What Makes Famous Entrepreneurs Successful?

The Common Factor for Successful Entrepreneurs

Famous successful entrepreneurs like Ann Sieg of The Renegade Network Marketer, Mary Kay Ash of Mary Kay Cosmetics, Mike Dillard of Magnetic Sponsoring, and my own father, Wallace March who founded IDC, the first international drilling company, all had one particular thing in common. They all started with nothing.

Ann Sieg was a frustrated network marketer going nowhere fast in a long line of MLMs. Mary Kay Ash was a single mother of three working in a man's world, constantly losing out on promotions to the men who she herself had trained. Mike Dillard was waiting tables. My dad was a bookkeeper.

Of course they all put in countless hours and ingenuity into developing their businesses. But what was it that kept them going in those early years that enabled them to overcome the odds and build business empires? They all possessed the mindset of the entrepreneur.

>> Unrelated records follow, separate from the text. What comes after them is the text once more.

lemma FreeSpI:
  assumes "\<And>g. g \<notin> L \<Longrightarrow> \<phi> g = 0"
    and "\<And>e. e > 0 \<Longrightarrow> \<exists>\<psi>\<in>delta_span M d p. \<forall>f\<in>L. \<bar>\<phi> f - \<psi> f\<bar> \<le> e * nrm f"
  shows "\<phi> \<in> F"
  using assms unfolding FreeSp_def by blast

lemma delta_span_subset_FreeSp: "delta_span M d p \<subseteq> F"
proof
  fix \<psi> assume \<psi>: "\<psi> \<in> delta_span M d p"
  show "\<psi> \<in> F"
  proof (rule FreeSpI)
    show "\<psi> g = 0" if "g \<notin> L" for g using \<psi> that by (elim delta_spanE) (simp add: delta_def)
    show "\<exists>\<psi>'\<in>delta_span M d p. \<forall>f\<in>L. \<bar>\<psi> f - \<psi>' f\<bar> \<le> e * nrm f" if "e > 0" for e
      using \<psi> that lipnorm_nonneg by (intro bexI[of _ \<psi>]) auto
  qed
qed

text \<open>Linearity passes to uniform limits of finite combinations of evaluations.\<close>

lemma linear_on_FreeSp:
  assumes \<phi>: "\<phi> \<in> F"
  shows "linear_on L \<phi>"
proof -
  have approx: "\<bar>\<phi> f - \<psi> f\<bar> \<le> e * nrm f" if "\<forall>f\<in>L. \<bar>\<phi> f - \<psi> f\<bar> \<le> e * nrm f" "f \<in> L" for \<psi> e f
    using that by blast
  show ?thesis
  proof (rule linear_onI)
    fix f g assume f: "f \<in> L" and g: "g \<in> L"
    let ?K = "nrm (\<lambda>x. f x + g x) + nrm f + nrm g"
    have "\<bar>\<phi> (\<lambda>x. f x + g x) - (\<phi> f + \<phi> g)\<bar> \<le> 0 + e * ?K" if e: "e > 0" for e
    proof -
      obtain \<psi> where \<psi>: "\<psi> \<in> delta_span M d p" "\<forall>f\<in>L. \<bar>\<phi> f - \<psi> f\<bar> \<le> e * nrm f"
        using FreeSp_approx[OF \<phi> e] by blast
      have "\<psi> (\<lambda>x. f x + g x) = \<psi> f + \<psi> g" by (rule linear_on_add[OF linear_on_delta_span[OF \<psi>(1)] f g])
      then show ?thesis
        using approx[OF \<psi>(2) Lip.add[OF f g]] approx[OF \<psi>(2) f] approx[OF \<psi>(2) g]
        by (simp add: algebra_simps abs_le_iff)
    qed
    moreover have "0 \<le> ?K"
      using lipnorm_nonneg[OF Lip.add[OF f g]] lipnorm_nonneg[OF f] lipnorm_nonneg[OF g] by linarith
    ultimately have "\<bar>\<phi> (\<lambda>x. f x + g x) - (\<phi> f + \<phi> g)\<bar> \<le> 0"
      by (rule le_if_le_plus_eps_mult)
    then show "\<phi> (\<lambda>x. f x + g x) = \<phi> f + \<phi> g" by simp
  next
    fix f c assume f: "f \<in> L"
    let ?K = "nrm (\<lambda>x. c * f x) + \<bar>c\<bar> * nrm f"
    have "\<bar>\<phi> (\<lambda>x. c * f x) - c * \<phi> f\<bar> \<le> 0 + e * ?K" if e: "e > 0" for e
    proof -
      obtain \<psi> where \<psi>: "\<psi> \<in> delta_span M d p" "\<forall>f\<in>L. \<bar>\<phi> f - \<psi> f\<bar> \<le> e * nrm f"
        using FreeSp_approx[OF \<phi> e] by blast
      have "\<psi> (\<lambda>x. c * f x) = c * \<psi> f" by (rule linear_on_scale[OF linear_on_delta_span[OF \<psi>(1)] f])
      moreover have "\<bar>c * (\<phi> f - \<psi> f)\<bar> \<le> \<bar>c\<bar> * (e * nrm f)"
        unfolding abs_mult by (rule mult_left_mono[OF approx[OF \<psi>(2) f]]) simp
      ultimately show ?thesis
        using approx[OF \<psi>(2) Lip.scale[OF f, of c]] by (simp add: algebra_simps abs_le_iff; linarith)
    qed
    moreover have "0 \<le> ?K" using lipnorm_nonneg[OF Lip.scale[OF f]] lipnorm_nonneg[OF f] by simp
    ultimately have "\<bar>\<phi> (\<lambda>x. c * f x) - c * \<phi> f\<bar> \<le> 0"
      by (rule le_if_le_plus_eps_mult)
    then show "\<phi> (\<lambda>x. c * f x) = c * \<phi> f" by simp
  qed
qed

lemma FreeSp_bounded:
  assumes "\<phi> \<in> F"
  obtains C where "\<And>g. g \<in> L \<Longrightarrow> \<bar>\<phi> g\<bar> \<le> C * nrm g"
proof -
  obtain \<psi> where \<psi>: "\<psi> \<in> delta_span M d p" "\<forall>f\<in>L. \<bar>\<phi> f - \<psi> f\<bar> \<le> 1 * nrm f"
    using FreeSp_approx[OF assms, of 1] by auto
  obtain S a where S: "finite S" "S \<subseteq> M" "\<And>f. f \<in> L \<Longrightarrow> \<psi> f = (\<Sum>x\<in>S. a x * f x)"
    using delta_span_eval[OF \<psi>(1)] by blast
  have "\<bar>\<phi> g\<bar> \<le> (1 + (\<Sum>x\<in>S. \<bar>a x\<bar> * d x p)) * nrm g" if g: "g \<in> L" for g
  proof -
    have "\<bar>\<psi> g\<bar> \<le> (\<Sum>x\<in>S. \<bar>a x * g x\<bar>)" using S(3)[OF g] by (simp add: sum_abs)
    also have "\<dots> \<le> (\<Sum>x\<in>S. \<bar>a x\<bar> * d x p * nrm g)"
    proof (rule sum_mono)
      fix x assume "x \<in> S"
      then have "\<bar>g x\<bar> \<le> nrm g * d x p" using lipnorm_Lipschitz[OF g _ base_in, of x] S(2) g by auto
      then have "\<bar>a x\<bar> * \<bar>g x\<bar> \<le> \<bar>a x\<bar> * (nrm g * d x p)" by (rule mult_left_mono) simp
      then show "\<bar>a x * g x\<bar> \<le> \<bar>a x\<bar> * d x p * nrm g" by (simp add: abs_mult algebra_simps)
    qed
    also have "\<dots> = (\<Sum>x\<in>S. \<bar>a x\<bar> * d x p) * nrm g" by (simp add: sum_distrib_right)
    finally have "\<bar>\<psi> g\<bar> \<le> (\<Sum>x\<in>S. \<bar>a x\<bar> * d x p) * nrm g" .
    moreover have "\<bar>\<phi> g - \<psi> g\<bar> \<le> nrm g" using \<psi>(2) g by simp
    ultimately show ?thesis by (simp add: algebra_simps abs_le_iff)
  qed
  then show ?thesis using that by blast
qed

sublocale free: fun_subspace F
proof
  show "(\<lambda>_. 0) \<in> F" using delta_span.zero delta_span_subset_FreeSp by blast
next
  fix \<phi>1 \<phi>2 assume \<phi>: "\<phi>1 \<in> F" "\<phi>2 \<in> F"
  show "(\<lambda>f. \<phi>1 f + \<phi>2 f) \<in> F"
  proof (rule FreeSpI)
    show "\<phi>1 g + \<phi>2 g = 0" if "g \<notin> L" for g
      using FreeSp_outside[OF \<phi>(1) that] FreeSp_outside[OF \<phi>(2) that] by simp
  next
    fix e :: real assume "e > 0"
    then obtain \<psi>1 \<psi>2 where \<psi>: "\<psi>1 \<in> delta_span M d p" "\<psi>2 \<in> delta_span M d p"
      "\<forall>f\<in>L. \<bar>\<phi>1 f - \<psi>1 f\<bar> \<le> e/2 * nrm f" "\<forall>f\<in>L. \<bar>\<phi>2 f - \<psi>2 f\<bar> \<le> e/2 * nrm f"
      using FreeSp_approx[OF \<phi>(1), of "e/2"] FreeSp_approx[OF \<phi>(2), of "e/2"] by auto
    have "\<bar>\<phi>1 f + \<phi>2 f - (\<psi>1 f + \<psi>2 f)\<bar> \<le> e * nrm f" if f: "f \<in> L" for f
    proof -
      have "\<bar>\<phi>1 f - \<psi>1 f\<bar> \<le> (e * nrm f) / 2" "\<bar>\<phi>2 f - \<psi>2 f\<bar> \<le> (e * nrm f) / 2"
        using \<psi>(3,4) f by simp_all
      then show ?thesis by (simp only: abs_le_iff) linarith
    qed
    then show "\<exists>\<psi>\<in>delta_span M d p. \<forall>f\<in>L. \<bar>\<phi>1 f + \<phi>2 f - \<psi> f\<bar> \<le> e * nrm f"
      using delta_span.add[OF \<psi>(1,2)] by force
  qed
next
  fix \<phi> c assume \<phi>: "\<phi> \<in> F"
  show "(\<lambda>f. c * \<phi> f) \<in> F"
  proof (rule FreeSpI)
    show "c * \<phi> g = 0" if "g \<notin> L" for g using FreeSp_outside[OF \<phi> that] by simp
  next
    fix e :: real assume "e > 0"
    then obtain \<psi> where \<psi>: "\<psi> \<in> delta_span M d p" "\<forall>f\<in>L. \<bar>\<phi> f - \<psi> f\<bar> \<le> e / (\<bar>c\<bar> + 1) * nrm f"
      using FreeSp_approx[OF \<phi>, of "e / (\<bar>c\<bar> + 1)"] by auto
    have "\<bar>c * \<phi> f - c * \<psi> f\<bar> \<le> e * nrm f" if f: "f \<in> L" for f
    proof -
      have "\<bar>c * \<phi> f - c * \<psi> f\<bar> = \<bar>c\<bar> * \<bar>\<phi> f - \<psi> f\<bar>" by (simp add: right_diff_distrib[symmetric] abs_mult)
      also have "\<dots> \<le> \<bar>c\<bar> * (e / (\<bar>c\<bar> + 1) * nrm f)"
        using \<psi>(2) f by (intro mult_left_mono) simp_all
      also have "\<dots> \<le> e * nrm f"
        using \<open>e > 0\<close> lipnorm_nonneg[OF f] by (simp add: field_simps mult_right_mono)
      finally show ?thesis .
    qed
    then show "\<exists>\<psi>\<in>delta_span M d p. \<forall>f\<in>L. \<bar>c * \<phi> f - \<psi> f\<bar> \<le> e * nrm f"
      using delta_span.scale[OF \<psi>(1)] by force
  qed
qed

lemma dnorm_set_bdd:
  assumes "\<phi> \<in> F"
  shows "bdd_above ({0} \<union> {\<bar>\<phi> f\<bar> | f. f \<in> L \<and> nrm f \<le> 1})"
proof -
  obtain C where C: "\<And>g. g \<in> L \<Longrightarrow> \<bar>\<phi> g\<bar> \<le> C * nrm g" using FreeSp_bounded[OF assms] by blast
  have "\<bar>\<phi> f\<bar> \<le> \<bar>C\<bar>" if f: "f \<in> L" "nrm f \<le> 1" for f
  proof -
    have "C * nrm f \<le> \<bar>C\<bar> * nrm f" by (rule mult_right_mono) (simp_all add: lipnorm_nonneg f)
    also have "\<dots> \<le> \<bar>C\<bar>" using f(2) by (simp add: mult_left_le)
    finally show ?thesis using C[OF f(1)] by linarith
  qed
  then show ?thesis by (intro bdd_aboveI[where M="\<bar>C\<bar>"]) auto
qed

lemma dnorm_nonneg: "\<phi> \<in> F \<Longrightarrow> 0 \<le> N \<phi>"
  unfolding dnorm_def by (rule cSup_upper2[of 0, OF _ _ dnorm_set_bdd]) auto

lemma abs_eval_le_dnorm: "\<phi> \<in> F \<Longrightarrow> f \<in> L \<Longrightarrow> nrm f \<le> 1 \<Longrightarrow> \<bar>\<phi> f\<bar> \<le> N \<phi>"
  unfolding dnorm_def by (rule cSup_upper[OF _ dnorm_set_bdd]) auto

lemma dnorm_le:
  assumes "0 \<le> K" "\<And>f. f \<in> L \<Longrightarrow> \<bar>\<phi> f\<bar> \<le> K * nrm f"
  shows "N \<phi> \<le> K"
  unfolding dnorm_def
proof (rule cSup_least)
  fix s assume "s \<in> {0} \<union> {\<bar>\<phi> f\<bar> | f. f \<in> L \<and> nrm f \<le> 1}"
  then consider "s = 0" | f where "f \<in> L" "nrm f \<le> 1" "s = \<bar>\<phi> f\<bar>" by blast
  then show "s \<le> K"
  proof cases
    case (2 f)
    have "K * nrm f \<le> K" using 2 assms(1) by (simp add: mult_left_le)
    then show ?thesis using assms(2)[OF 2(1)] 2(3) by linarith
  qed (use assms(1) in simp)
qed simp

lemma abs_eval_le_dnorm_lipnorm:
  assumes "\<phi> \<in> F" "f \<in> L"
  shows "\<bar>\<phi> f\<bar> \<le> N \<phi> * nrm f"
proof (cases "nrm f = 0")
  case True
  then show ?thesis
    using Lip0_eq_zero_if_lipnorm_eq_0[OF assms(2)] Lip.linear_on_zero[OF linear_on_FreeSp[OF assms(1)]] by simp
next
  case False
  then have pos: "nrm f > 0" using lipnorm_nonneg[OF assms(2)] by simp
  have "nrm (\<lambda>x. (1 / nrm f) * f x) \<le> 1"
    using lipnorm_scale_le[OF assms(2), of "1 / nrm f"] pos by simp
  then have "\<bar>\<phi> (\<lambda>x. (1 / nrm f) * f x)\<bar> \<le> N \<phi>"
    by (rule abs_eval_le_dnorm[OF assms(1) Lip.scale[OF assms(2)]])
  then show ?thesis
    using linear_on_scale[OF linear_on_FreeSp[OF assms(1)] assms(2), of "1 / nrm f"] pos
    by (simp add: abs_mult divide_le_eq)
qed

lemma dnorm_add:
  assumes "\<phi> \<in> F" "\<psi> \<in> F"
  shows "N (\<lambda>f. \<phi> f + \<psi> f) \<le> N \<phi> + N \<psi>"
proof (rule dnorm_le)
  show "0 \<le> N \<phi> + N \<psi>" using dnorm_nonneg assms by (simp add: add_nonneg_nonneg)
  fix f assume "f \<in> L"
  then show "\<bar>\<phi> f + \<psi> f\<bar> \<le> (N \<phi> + N \<psi>) * nrm f"
    using abs_eval_le_dnorm_lipnorm[OF assms(1)] abs_eval_le_dnorm_lipnorm[OF assms(2)]
      abs_triangle_ineq[of "\<phi> f" "\<psi> f"]
    by (simp add: distrib_right) (smt (verit))
qed

lemma dnorm_scale:
  assumes "\<phi> \<in> F"
  shows "N (\<lambda>f. c * \<phi> f) = \<bar>c\<bar> * N \<phi>"
proof -
  have le: "N (\<lambda>f. c * \<phi> f) \<le> \<bar>c\<bar> * N \<phi>" if "\<phi> \<in> F" for c \<phi>
    using dnorm_nonneg[OF that] abs_eval_le_dnorm_lipnorm[OF that]
    by (intro dnorm_le) (simp_all add: abs_mult mult.assoc mult_left_mono)
  show ?thesis
  proof (cases "c = 0")
    case True
    then show ?thesis using le[OF assms, of 0] dnorm_nonneg[OF free.scale[OF assms, of 0]] by simp
  next
    case False
    have "N \<phi> \<le> \<bar>1 / c\<bar> * N (\<lambda>f. c * \<phi> f)"
      using le[OF free.scale[OF assms, of c], of "1 / c"] False by simp
    then show ?thesis using le[OF assms, of c] False by (simp add: field_simps)
  qed
qed

lemma dnorm_zero: "N (\<lambda>_. 0) = 0"
  using dnorm_scale[OF free.zero, of 0] by simp

lemma dnorm_diff_commute:
  assumes "\<phi> \<in> F" "\<psi> \<in> F"
  shows "N (\<lambda>f. \<phi> f - \<psi> f) = N (\<lambda>f. \<psi> f - \<phi> f)"
  using dnorm_scale[OF free.diff[OF assms], of "-1"] by simp

lemma dnorm_triangle:
  assumes "\<phi> \<in> F" "\<psi> \<in> F" "\<rho> \<in> F"
  shows "N (\<lambda>f. \<phi> f - \<rho> f) \<le> N (\<lambda>f. \<phi> f - \<psi> f) + N (\<lambda>f. \<psi> f - \<rho> f)"
  using dnorm_add[OF free.diff[OF assms(1,2)] free.diff[OF assms(2,3)]] by simp

lemma free_ball_iff: "\<phi> \<in> B \<longleftrightarrow> \<phi> \<in> F \<and> N \<phi> \<le> 1"
  by (simp add: free_ball_def)

lemma zero_in_free_ball: "(\<lambda>_. 0) \<in> B"
  by (simp add: free_ball_iff free.zero dnorm_zero)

If you have ever attended a motivational meeting, you have probably heard phrases such as "believe to achieve" or "establish your why" as if this kind of magic thinking will have an effect on your ability to succeed.

Guess what? It does!

The Self-Fulfilling Prophecy

What you believe about yourself can set you up for success or failure. If you envision yourself as unprepared, ill-equipped or incapable of doing something, you have unconsciously set yourself up for self sabotage. A student who announces, "I'm no good at math" will probably have trouble in math class. We call this "The Self-Fulfilling Prophecy."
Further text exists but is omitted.